Media Bill: Two wrongs don’t make a right

The Media is crying, as usual, over the Media Bill. They are saying that the passed Kenya  Kenya Information & Communications (Amendment) Bill, 2013 if signed into law the President, then Kenya shall have made several steps backwards in relation to Media freedom and freedom of expression in general. Other issues that Media has over the Bill include:

  1. The Cabinet Secretary in charge of Information, Communication and Technology has powers to directly and indirectly control the media. This contravenes the constitution that requires no state agency or office shall control the media
  2. The Bill gives exclusive power to the Cabinet Secretary for Communications and Information to appoint members of the board of the proposed regulator to replace the Communications Commission of Kenya ~ Daily Nation
  3. The government having control CCK or a similar body will mean that the regulator works as a censorship agency for the government.
  4. A tribunal that will hear complaints both from the government and the media shall be appointed by the Cabinet Secretary and Judicial Service Commission.
  5. The fines demanded by the law that a failure by the media to adhere to professional standards are way too high. A tribunal working for the government and given powers to fine a media house up to Shs. 20 million if the media house fails to adhere to a professional standard is a money making mechanism.
  6. Though local content must be supported, frameworks for local content production must be put in place first before the media is demanded to provide 60% airtime to local content.
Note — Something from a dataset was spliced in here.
(* Fix an integer $n\ge 1$, real numbers $c_1<c_2<\cdots<c_n$ and a real number $\epsilon$. On $\mathbb{R}^3$ with coordinates $(x,y,z)$ put $\rho=\sqrt{x^2+y^2}$, $r_j=\sqrt{x^2+y^2+(z-c_j)^2}$ and $$V_\epsilon=\frac{\epsilon}{2}+\frac12\sum_{j=1}^n\frac{1}{r_j},\qquad \alpha=-\frac12\sum_{j=1}^n\frac{x\,dy-y\,dx}{r_j\,(r_j-z+c_j)},$$ defined on $U=\mathbb{R}^3\setminus\{(0,0,z): z\ge c_1\}$. On $U\times S^1$, with $\varphi$ the angular coordinate on $S^1$, let $$g_\epsilon=\frac{1}{V_\epsilon}(d\varphi+\alpha)^2+V_\epsilon\,(dx^2+dy^2+dz^2),\qquad \omega_\epsilon=(d\varphi+\alpha)\wedge dz+V_\epsilon\,dx\wedge dy,$$ considered on the open subset $W$ of $U\times S^1$ where $V_\epsilon\neq 0$ and $\rho>0$. Define the complex-valued functions $$z_1=\prod_{j=1}^n\bigl(r_j-(z-c_j)\bigr)^{1/2}\,e^{-\frac{\epsilon}{2}z+\sqrt{-1}\,\varphi},\qquad z_2=x+\sqrt{-1}\,y,$$ and set $S=\sum_{j=1}^n\frac{r_j+z-c_j}{r_j}$. Then on $W$, $$g_\epsilon=\frac{1}{V_\epsilon}\frac{dz_1}{z_1}\frac{d\bar z_1}{\bar z_1}-\frac{S}{2V_\epsilon}\Bigl(\frac{dz_1}{z_1}\frac{d\bar z_2}{\bar z_2}+\frac{dz_2}{z_2}\frac{d\bar z_1}{\bar z_1}\Bigr)+\Bigl[V_\epsilon\rho^2+\frac{S^2}{4V_\epsilon}\Bigr]\frac{dz_2}{z_2}\frac{d\bar z_2}{\bar z_2},$$ $$\omega_\epsilon=\frac{\sqrt{-1}}{2}\Bigl(\frac{1}{V_\epsilon}\frac{dz_1}{z_1}\wedge\frac{d\bar z_1}{\bar z_1}-\frac{S}{2V_\epsilon}\Bigl(\frac{dz_1}{z_1}\wedge\frac{d\bar z_2}{\bar z_2}+\frac{dz_2}{z_2}\wedge\frac{d\bar z_1}{\bar z_1}\Bigr)+\Bigl[V_\epsilon\rho^2+\frac{S^2}{4V_\epsilon}\Bigr]\frac{dz_2}{z_2}\wedge\frac{d\bar z_2}{\bar z_2}\Bigr).$$
   Context: For $\epsilon>0$, $g_\epsilon$ is the (toric) multi-Taub-NUT metric; for $\epsilon=0$ it is the Gibbons–Hawking metric; for $\epsilon<0$ it is a Riemannian metric where $V_\epsilon>0$ and minus a Riemannian metric where $V_\epsilon<0$. The functions $z_1,z_2$ are holomorphic for the complex structure whose $(1,0)$-forms are spanned by $dx+\sqrt{-1}\,dy$ and $(d\varphi+\alpha)+\sqrt{-1}\,V_\epsilon\,dz$. In the formula for $g_\epsilon$, a product $ab$ of two (complex) $1$-forms denotes the symmetric product $\tfrac12(a\otimes b+b\otimes a)$, so that e.g. $(dx+\sqrt{-1}dy)(dx-\sqrt{-1}dy)=dx^2+dy^2$; $dx^2$ means $dx\,dx$. *)

theory Defs
  imports "HOL-Analysis.Analysis"
begin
Despite the valid points the media have over the Media Bill, a number of Kenyans seem happy with the bill, calling on the Media to shut up as they chose to shut up during the March 4th General elections. They say that the media chose to go to bed with the Government hence they don’t have a right to complain about the bill. One of such comments reads:

“Free media is a necessity in any society, but when the media is corrupt, that means they have sold their freedom and as such are not essential to the society. The media have been reckless in the past and should therefore be controlled” ~ Paraphrased.
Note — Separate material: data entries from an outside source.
lemma exp_neg_le_polar_hbar_profile:
  assumes "0 \<le> t" "0 \<le> s"
  shows "exp (- t) \<le> polar_hbar_profile s t"
proof (rule polar_hbar_profile_greatest)
  fix \<rho> :: real assume "0 \<le> \<rho>" "\<rho> < 1"
  have "\<rho>\<^sup>2 < 1"
    using \<open>0 \<le> \<rho>\<close> \<open>\<rho> < 1\<close> by (simp add: abs_square_less_1)
  then have "sqrt (1 - \<rho>\<^sup>2) powr s \<le> 1"
    using \<open>0 \<le> \<rho>\<close> assms(2) by (intro powr_le1) auto
  then have "exp (- t * \<rho>) \<le> exp (- t * \<rho>) / sqrt (1 - \<rho>\<^sup>2) powr s"
    using sqrt_one_minus_square_powr_pos[OF \<open>0 \<le> \<rho>\<close> \<open>\<rho> < 1\<close>] by (simp add: le_divide_eq)
  moreover have "exp (- t) \<le> exp (- t * \<rho>)"
    using assms(1) \<open>\<rho> < 1\<close> by (simp add: mult_left_le)
  ultimately show "exp (- t) \<le> exp (- t * \<rho>) / sqrt (1 - \<rho>\<^sup>2) powr s"
    by linarith
qed

text \<open>Near \<open>\<rho> = 0\<close> the numerator \<open>exp (-t \<rho>)\<close> decreases to first order, while the denominator
  \<open>(1 - \<rho>\<^sup>2)\<^sup>s\<^sup>/\<^sup>2 \<ge> exp (-s \<rho>\<^sup>2)\<close> decreases only to second order.\<close>
lemma polar_hbar_profile_less_1:
  assumes "0 < s" "0 < t"
  shows "polar_hbar_profile s t < 1"
proof -
  define \<rho> where "\<rho> = min (1 / 2) (t / (2 * s))"
  have "0 < \<rho>" "\<rho> \<le> 1 / 2" "s * \<rho> < t"
    using assms by (auto simp: \<rho>_def min_def field_simps)
  then have "\<rho>\<^sup>2 \<le> (1 / 2)\<^sup>2"
    by (intro power_mono) auto
  then have "\<rho>\<^sup>2 \<le> 1 / 4"
    by (simp add: power2_eq_square)
  have "- \<rho>\<^sup>2 - 2 * (\<rho>\<^sup>2)\<^sup>2 \<le> ln (1 - \<rho>\<^sup>2)"
    by (rule ln_one_minus_pos_lower_bound) (use \<open>\<rho>\<^sup>2 \<le> 1 / 4\<close> in auto)
  moreover have "\<rho>\<^sup>2 * (2 * \<rho>\<^sup>2) \<le> \<rho>\<^sup>2 * 1"
    using \<open>\<rho>\<^sup>2 \<le> 1 / 4\<close> by (intro mult_left_mono) auto
  ultimately have "- 2 * \<rho>\<^sup>2 \<le> ln (1 - \<rho>\<^sup>2)"
    by (simp add: power2_eq_square algebra_simps)
  have "- t * \<rho> < s / 2 * (- 2 * \<rho>\<^sup>2)"
    using \<open>s * \<rho> < t\<close> \<open>0 < \<rho>\<close> by (simp add: power2_eq_square)
  also have "\<dots> \<le> s / 2 * ln (1 - \<rho>\<^sup>2)"
    using \<open>- 2 * \<rho>\<^sup>2 \<le> ln (1 - \<rho>\<^sup>2)\<close> assms(1) by (intro mult_left_mono) auto
  finally have "exp (- t * \<rho>) < exp (s / 2 * ln (1 - \<rho>\<^sup>2))"
    by simp
  also have "\<dots> = sqrt (1 - \<rho>\<^sup>2) powr s"
    using \<open>\<rho>\<^sup>2 \<le> 1 / 4\<close> by (simp add: powr_def ln_sqrt)
  finally have "exp (- t * \<rho>) / sqrt (1 - \<rho>\<^sup>2) powr s < 1"
    using sqrt_one_minus_square_powr_pos[of \<rho> s] \<open>0 < \<rho>\<close> \<open>\<rho> \<le> 1 / 2\<close> by simp
  moreover have "polar_hbar_profile s t \<le> exp (- t * \<rho>) / sqrt (1 - \<rho>\<^sup>2) powr s"
    using \<open>0 < \<rho>\<close> \<open>\<rho> \<le> 1 / 2\<close> by (intro polar_hbar_profile_le) auto
  ultimately show ?thesis
    by linarith
qed

lemma polar_hbar_profile_pos:
  assumes "0 \<le> t" "0 \<le> s"
  shows "0 < polar_hbar_profile s t"
  using exp_gt_zero[of "- t"] exp_neg_le_polar_hbar_profile[OF assms] by linarith

lemma rapidly_decreasing_profile_polar_hbar:
  assumes "0 < s"
  shows "rapidly_decreasing_profile (polar_hbar_profile s)"
proof
  fix t :: real assume "0 \<le> t"
  then show "0 < polar_hbar_profile s t"
    using assms by (simp add: polar_hbar_profile_pos)
next
  fix t t' :: real assume "0 \<le> t" "t \<le> t'"
  show "polar_hbar_profile s t' \<le> polar_hbar_profile s t"
  proof (rule polar_hbar_profile_greatest)
    fix \<rho> :: real assume "0 \<le> \<rho>" "\<rho> < 1"
    have "polar_hbar_profile s t' \<le> exp (- t' * \<rho>) / sqrt (1 - \<rho>\<^sup>2) powr s"
      by (rule polar_hbar_profile_le[OF \<open>0 \<le> \<rho>\<close> \<open>\<rho> < 1\<close>])
    also have "\<dots> \<le> exp (- t * \<rho>) / sqrt (1 - \<rho>\<^sup>2) powr s"
      using \<open>t \<le> t'\<close> \<open>0 \<le> \<rho>\<close> sqrt_one_minus_square_powr_pos[OF \<open>0 \<le> \<rho>\<close> \<open>\<rho> < 1\<close>]
      by (intro divide_right_mono) (simp_all add: mult_right_mono)
    finally show "polar_hbar_profile s t' \<le> exp (- t * \<rho>) / sqrt (1 - \<rho>\<^sup>2) powr s" .
  qed
next
  fix t :: real assume "0 < t"
  have "1 \<le> polar_hbar_profile s 0"
    using exp_neg_le_polar_hbar_profile[of 0 s] assms by simp
  then show "polar_hbar_profile s t < polar_hbar_profile s 0"
    using polar_hbar_profile_less_1[OF assms \<open>0 < t\<close>] by linarith
next
  fix c :: real assume "1 < c"
  define \<rho> where "\<rho> = (1 + 1 / c) / 2"
  have "0 \<le> \<rho>" "\<rho> < 1" "1 < c * \<rho>"
    using \<open>1 < c\<close> by (auto simp: \<rho>_def field_simps)
  define K where "K = 1 / sqrt (1 - \<rho>\<^sup>2) powr s"
  have "0 < K"
    using sqrt_one_minus_square_powr_pos[OF \<open>0 \<le> \<rho>\<close> \<open>\<rho> < 1\<close>] by (simp add: K_def)
  have upper: "polar_hbar_profile s (c * t) / polar_hbar_profile s t \<le> K * exp (- (c * \<rho> - 1) * t)"
    if "0 \<le> t" for t
  proof -
    have "polar_hbar_profile s (c * t) \<le> K * exp (- (c * t) * \<rho>)"
      using polar_hbar_profile_le[OF \<open>0 \<le> \<rho>\<close> \<open>\<rho> < 1\<close>] by (simp add: K_def)
    moreover have "exp (- t) \<le> polar_hbar_profile s t"
      using exp_neg_le_polar_hbar_profile that assms by simp
    ultimately have "polar_hbar_profile s (c * t) / polar_hbar_profile s t \<le> K * exp (- (c * t) * \<rho>) / exp (- t)"
      using \<open>0 < K\<close> by (intro frac_le) simp_all
    also have "\<dots> = K * exp (- (c * \<rho> - 1) * t)"
      by (simp add: exp_minus exp_add[symmetric] field_simps)
    finally show ?thesis .
  qed
  have lower: "0 \<le> polar_hbar_profile s (c * t) / polar_hbar_profile s t" if "0 \<le> t" for t
    using that \<open>1 < c\<close> assms by (simp add: less_imp_le polar_hbar_profile_pos)
  have "\<forall>\<^sub>F t in at_top. 0 \<le> polar_hbar_profile s (c * t) / polar_hbar_profile s t"
    using eventually_ge_at_top[of 0] by eventually_elim (rule lower)
  moreover have "\<forall>\<^sub>F t in at_top.
      polar_hbar_profile s (c * t) / polar_hbar_profile s t \<le> K * exp (- (c * \<rho> - 1) * t)"
    using eventually_ge_at_top[of 0] by eventually_elim (rule upper)
  moreover have "((\<lambda>t. K * exp (- (c * \<rho> - 1) * t)) \<longlongrightarrow> 0) at_top"
    using \<open>1 < c * \<rho>\<close> by real_asymp
  ultimately show "((\<lambda>t. polar_hbar_profile s (c * t) / polar_hbar_profile s t) \<longlongrightarrow> 0) at_top"
    by (rule tendsto_sandwich[OF _ _ tendsto_const])
next
  have "\<forall>t\<ge>0. polar_hbar_profile s t \<le> (1 / sqrt (1 - (1 / 2)\<^sup>2) powr s) * exp (- (1 / 2) * t)"
    using polar_hbar_profile_le[of "1 / 2" s] by (simp add: mult.commute)
  then show "\<exists>K k. 0 < k \<and> (\<forall>t\<ge>0. polar_hbar_profile s t \<le> K * exp (- k * t))"
    by (intro exI[of _ "1 / sqrt (1 - (1 / 2)\<^sup>2) powr s"] exI[of _ "1 / 2"]) simp
qed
Similar comments have been posted on Twitter and Facebook but I beg to differ. The Media could have been corrupted, or compromised. Did you notice that we hardly hear of major scandals in the government anymore? One person once told me that it is not that corruption increased under Kibaki’s administration, but the exposure is what increased. It would therefore be likely that it is not that corruption has decreased since the new government took office, but that the Media has indeed gone to bed with the government. Another person also told me that it is not that men and women have decided to suddenly fall in love with the animal kingdom, but that it is the media that has shifted focus from reporting the real issues that affect us to petty issues like a man falling in love with a monkey.

If it is true that the media has indeed gone to bed with the government, that gives the government all the reasons and motives to want to control the media. You see if you go to bed with someone, especially a nosy someone, your secrets can no longer be safe. The only way the government can ensure that the nosy media does not smell a rat is to gag the media, and the government has the means to ensure that her secrets remain in the bedroom.
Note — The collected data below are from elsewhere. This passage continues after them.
(* Let $G=\langle a_1,a_2,\dots,a_n\rangle$ be a finite semi-3-abelian 3-group with $|G/\Phi(G)|=3^{n}$. Then $\Omega_{1}(G)\le Z_{n+1}(G)$. Moreover, if $x=a_i^{m}\in\Omega_{1}(G)$ for some $1\le i\le n$ and some positive integer $m$, then $x\in Z_{n}(G)$.
   Context: A finite 3-group $G$ is semi-3-abelian if for all $a,b\in G$: $(ab)^{3}=1$ if and only if $a^{3}b^{3}=1$. $\Omega_{1}(G)=\langle g\in G : g^{3}=1\rangle$. $\Phi(G)$ is the Frattini subgroup and $Z_k(G)$ is the $k$-th term of the upper central series ($Z_0=1$, $Z_{k+1}/Z_k=Z(G/Z_k)$). *)

theory Defs
  imports "HOL-Algebra.Algebra"
begin

definition maximal_subgroup :: "('a, 'b) monoid_scheme \<Rightarrow> 'a set \<Rightarrow> bool" where
  "maximal_subgroup G H \<longleftrightarrow> subgroup H G \<and> H \<noteq> carrier G \<and>
     (\<forall>K. subgroup K G \<and> H \<subseteq> K \<longrightarrow> K = H \<or> K = carrier G)"

text \<open>Frattini subgroup: intersection of all maximal subgroups (the whole group if there are none).\<close>
definition Frattini :: "('a, 'b) monoid_scheme \<Rightarrow> 'a set" where
  "Frattini G = carrier G \<inter> \<Inter>{H. maximal_subgroup G H}"

text \<open>Upper central series: Z_0 = 1, and x in Z_(k+1) iff xZ_k is central in G/Z_k,
  i.e. all commutators [x,y] lie in Z_k.\<close>
primrec upper_central :: "('a, 'b) monoid_scheme \<Rightarrow> nat \<Rightarrow> 'a set" where
  "upper_central G 0 = {\<one>\<^bsub>G\<^esub>}"
| "upper_central G (Suc k) = {x \<in> carrier G. \<forall>y \<in> carrier G.
      x \<otimes>\<^bsub>G\<^esub> y \<otimes>\<^bsub>G\<^esub> inv\<^bsub>G\<^esub> x \<otimes>\<^bsub>G\<^esub> inv\<^bsub>G\<^esub> y \<in> upper_central G k}"

definition Omega1 :: "('a, 'b) monoid_scheme \<Rightarrow> 'a set" where
  "Omega1 G = generate G {g \<in> carrier G. g [^]\<^bsub>G\<^esub> (3::nat) = \<one>\<^bsub>G\<^esub>}"

definition semi_3_abelian :: "('a, 'b) monoid_scheme \<Rightarrow> bool" where
  "semi_3_abelian G \<longleftrightarrow> (\<forall>a \<in> carrier G. \<forall>b \<in> carrier G.
     (a \<otimes>\<^bsub>G\<^esub> b) [^]\<^bsub>G\<^esub> (3::nat) = \<one>\<^bsub>G\<^esub> \<longleftrightarrow>
     a [^]\<^bsub>G\<^esub> (3::nat) \<otimes>\<^bsub>G\<^esub> b [^]\<^bsub>G\<^esub> (3::nat) = \<one>\<^bsub>G\<^esub>)"

end

theory Submission
  imports Defs
begin

text \<open>
In a semi-3-abelian group, \<open>(g x)^3 = g^3\<close> whenever \<open>x^3 = 1\<close>; expanding the cube gives
\<open>x \<cdot> g x g^-1 \<cdot> g^2 x g^-2 = 1\<close>, so \<open>x\<close> commutes with its conjugates and the normal closure
\<open>N\<close> of any \<open>y \<in> \<Omega>\<^sub>1(G)\<close> is elementary abelian. Written additively, every \<open>g\<close> acts on \<open>N\<close>
with \<open>1 + g + g^2 = 0\<close>, so \<open>A = g - 1\<close> (the map \<open>z \<mapsto> [g,z]\<close>) satisfies \<open>A^2 = 0\<close>, and the
maps of any two elements anticommute. If \<open>y\<close> is centralized by the generators \<open>a\<^sub>l\<close> with
\<open>l \<notin> J\<close>, then for \<open>i \<in> J\<close> the element \<open>[a\<^sub>i,y]\<close> is centralized by all \<open>a\<^sub>l\<close> with
\<open>l \<notin> J - {i}\<close>, and commutators of \<open>y\<close> with arbitrary words in the generators stay in the
subgroup generated by such elements. Induction on \<open>|J|\<close> puts \<open>y\<close> into \<open>Z_(|J|+1)(G)\<close>;
take \<open>J = {1..n}\<close>, and \<open>J = {1..n} - {i}\<close> for a power of \<open>a\<^sub>i\<close>.
\<close>

context group
begin

lemma mult_inv_cancel_left [simp]: "x \<in> carrier G \<Longrightarrow> y \<in> carrier G \<Longrightarrow> x \<otimes> (inv x \<otimes> y) = y"
  by (simp add: m_assoc[symmetric])

lemma inv_mult_cancel_left [simp]: "x \<in> carrier G \<Longrightarrow> y \<in> carrier G \<Longrightarrow> inv x \<otimes> (x \<otimes> y) = y"
  by (simp add: m_assoc[symmetric])

definition conjugate :: "'a \<Rightarrow> 'a \<Rightarrow> 'a" where
  "conjugate g z = g \<otimes> z \<otimes> inv g"

definition commutator :: "'a \<Rightarrow> 'a \<Rightarrow> 'a" where
  "commutator x y = x \<otimes> y \<otimes> inv x \<otimes> inv y"

lemma conjugate_closed [simp]:
  "g \<in> carrier G \<Longrightarrow> z \<in> carrier G \<Longrightarrow> conjugate g z \<in> carrier G"
  by (simp add: conjugate_def)

lemma conjugate_one [simp]: "g \<in> carrier G \<Longrightarrow> conjugate g \<one> = \<one>"
  by (simp add: conjugate_def)

lemma conjugate_by_one [simp]: "z \<in> carrier G \<Longrightarrow> conjugate \<one> z = z"
  by (simp add: conjugate_def)

lemma commutator_one_left [simp]: "y \<in> carrier G \<Longrightarrow> commutator \<one> y = \<one>"
  by (simp add: commutator_def)

lemma commutator_one_right [simp]: "x \<in> carrier G \<Longrightarrow> commutator x \<one> = \<one>"
  by (simp add: commutator_def)

lemma commutator_closed [simp]:
  "x \<in> carrier G \<Longrightarrow> y \<in> carrier G \<Longrightarrow> commutator x y \<in> carrier G"
  by (simp add: commutator_def)

lemma commutator_eq_conjugate_mult_inv:
  "commutator g z = conjugate g z \<otimes> inv z"
  by (simp add: commutator_def conjugate_def)

lemma inv_commutator:
  "x \<in> carrier G \<Longrightarrow> y \<in> carrier G \<Longrightarrow> inv (commutator x y) = commutator y x"
  by (simp add: commutator_def inv_mult_group m_assoc)

lemma commutator_nat_pow_self:
  assumes "x \<in> carrier G" shows "commutator x (x [^] (m::nat)) = \<one>"
proof -
  have "x \<otimes> x [^] m = x [^] m \<otimes> x" using assms by (metis nat_pow_Suc nat_pow_Suc2)
  then have "commutator x (x [^] m) = x [^] m \<otimes> (x \<otimes> inv x) \<otimes> inv (x [^] m)"
    using assms by (simp add: commutator_def m_assoc)
  then show ?thesis using assms by simp
qed

lemma commutator_inv_left_conjugate:
  "x \<in> carrier G \<Longrightarrow> y \<in> carrier G \<Longrightarrow>
    commutator (inv x) y = conjugate (inv x) (inv (commutator x y))"
  by (simp add: commutator_def conjugate_def inv_mult_group m_assoc)

lemma commutator_mult_left_conjugate:
  "x \<in> carrier G \<Longrightarrow> x' \<in> carrier G \<Longrightarrow> y \<in> carrier G \<Longrightarrow>
    commutator (x \<otimes> x') y = conjugate x (commutator x' y) \<otimes> commutator x y"
  by (simp add: commutator_def conjugate_def inv_mult_group m_assoc)

lemma commutator_conjugate_left:
  "g \<in> carrier G \<Longrightarrow> x \<in> carrier G \<Longrightarrow> y \<in> carrier G \<Longrightarrow>
    commutator (conjugate g x) y = conjugate g (commutator x (inv g \<otimes> y \<otimes> g))"
  by (simp add: commutator_def conjugate_def inv_mult_group m_assoc)

lemma conjugate_mult:
  "g \<in> carrier G \<Longrightarrow> x \<in> carrier G \<Longrightarrow> y \<in> carrier G \<Longrightarrow>
    conjugate g (x \<otimes> y) = conjugate g x \<otimes> conjugate g y"
  by (simp add: conjugate_def m_assoc)

lemma conjugate_inv:
  "g \<in> carrier G \<Longrightarrow> x \<in> carrier G \<Longrightarrow> conjugate g (inv x) = inv (conjugate g x)"
  by (simp add: conjugate_def m_assoc inv_mult_group)

lemma conjugate_conjugate:
  "g \<in> carrier G \<Longrightarrow> h \<in> carrier G \<Longrightarrow> x \<in> carrier G \<Longrightarrow>
    conjugate g (conjugate h x) = conjugate (g \<otimes> h) x"
  by (simp add: conjugate_def m_assoc inv_mult_group)

lemma conjugate_cube:
  "g \<in> carrier G \<Longrightarrow> x \<in> carrier G \<Longrightarrow>
    conjugate g x [^] (3::nat) = conjugate g (x [^] (3::nat))"
  by (simp add: numeral_3_eq_3 conjugate_mult)

lemma mem_upper_central_Suc:
  "x \<in> upper_central G (Suc k) \<longleftrightarrow>
    x \<in> carrier G \<and> (\<forall>y \<in> carrier G. commutator x y \<in> upper_central G k)"
  by (simp add: commutator_def)

lemma upper_central_normal: "upper_central G k \<lhd> G"
proof (induction k)
  case 0
  then show ?case using one_is_normal by simp
next
  case (Suc k)
  interpret Z: normal "upper_central G k" G by (rule Suc)
  have conjugate_Z: "conjugate g z \<in> upper_central G k"
    if "g \<in> carrier G" "z \<in> upper_central G k" for g z
    using that unfolding conjugate_def by (rule Z.inv_op_closed2)
  note mem = mem_upper_central_Suc[of _ k]
  have subgroup: "subgroup (upper_central G (Suc k)) G"
  proof (rule subgroupI)
    show "upper_central G (Suc k) \<subseteq> carrier G" by auto
    show "upper_central G (Suc k) \<noteq> {}"
      using mem[of \<one>] by (auto simp: commutator_def)
  next
    fix x x' assume "x \<in> upper_central G (Suc k)" "x' \<in> upper_central G (Suc k)"
    then show "inv x \<in> upper_central G (Suc k)" "x \<otimes> x' \<in> upper_central G (Suc k)"
      unfolding mem
      by (auto simp: commutator_inv_left_conjugate commutator_mult_left_conjugate intro!: conjugate_Z)
  qed
  show ?case
  proof (rule normal_invI[OF subgroup])
    fix g h assume "g \<in> carrier G" "h \<in> upper_central G (Suc k)"
    then show "g \<otimes> h \<otimes> inv g \<in> upper_central G (Suc k)"
      unfolding mem conjugate_def[symmetric]
      by (auto simp: commutator_conjugate_left intro!: conjugate_Z)
  qed
qed

lemma upper_central_SucI:
  assumes "z \<in> carrier G" and "\<And>g. g \<in> carrier G \<Longrightarrow> commutator g z \<in> upper_central G k"
  shows "z \<in> upper_central G (Suc k)"
proof -
  interpret Z: normal "upper_central G k" G by (rule upper_central_normal)
  have "commutator z g \<in> upper_central G k" if "g \<in> carrier G" for g
    using Z.m_inv_closed[OF assms(2)[OF that]] inv_commutator[OF that assms(1)] by simp
  then show ?thesis
    unfolding mem_upper_central_Suc using assms(1) by blast
qed

lemma commute_generate:
  assumes S: "S \<subseteq> carrier G" and x: "x \<in> carrier G"
    and commutes: "\<And>s. s \<in> S \<Longrightarrow> x \<otimes> s = s \<otimes> x" and y: "y \<in> generate G S"
  shows "x \<otimes> y = y \<otimes> x"
  using y
proof (induction y rule: generate.induct)
  case one
  then show ?case using x by simp
next
  case (incl s)
  then show ?case by (rule commutes)
next
  case (inv s)
  then have s: "s \<in> carrier G" and "x \<otimes> s = s \<otimes> x" using S commutes by auto
  then have "inv s \<otimes> (x \<otimes> s) \<otimes> inv s = inv s \<otimes> (s \<otimes> x) \<otimes> inv s" by simp
  then show ?case using x s by (simp add: m_assoc)
next
  case (eng s t)
  have s: "s \<in> carrier G" and t: "t \<in> carrier G"
    using eng.hyps generate_in_carrier[OF S] by auto
  have "x \<otimes> (s \<otimes> t) = s \<otimes> x \<otimes> t" using eng.IH(1) x s t by (simp add: m_assoc[symmetric])
  also have "\<dots> = s \<otimes> t \<otimes> x" using eng.IH(2) x s t by (simp add: m_assoc)
  finally show ?case .
qed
Some of us may argue that the media does not have the right to complain given their past mistakes, but if the media suffers, it is us that will suffer more. As patriotic Kenyans who want to protect not only our present hard earned rights freedom, freedom to express ourselves offline and online; in the streets and at home; as a people who want to continue receiving “unbiased” news, “objective” analysis of political and business events, and be able to criticize government policies that would otherwise be retrogressive, we should wake up in one voice and support the media at this hour of need.

But we should not just offer blind support. We need to also think and evaluate the reasons that could made the media find himself on government’s bed in the first place. I believe that we as a people scared the media when we decided to butcher each other after the 2007 general elections. When we decided to insult one another based on the language that one speaks, and blamed a group of innocent people for whatever predicament that another group of a similar language go through, the actions that made the media be part of ICC in the person of Joshua Sang, we allowed the media to be manipulated by the powers that be “for our own protection against ourselves”. Remember the peace campaigns during the last general elections?

When we as people shall rise up and love one another, love to receive only objective news from the media; that we shall wake up and demand quality commentaries from our news papers and corresponding reporters, then the media will have no option but to submit to what we demand. In a free market scenario, suppliers will only supply that which is demanded otherwise they are bound to learn bitter lessons which they will report as billions of loses.

Yes, we can’t support a draconian legislation despite the wrongs that the media could have done. Mr. President, don’t sign that damn bill.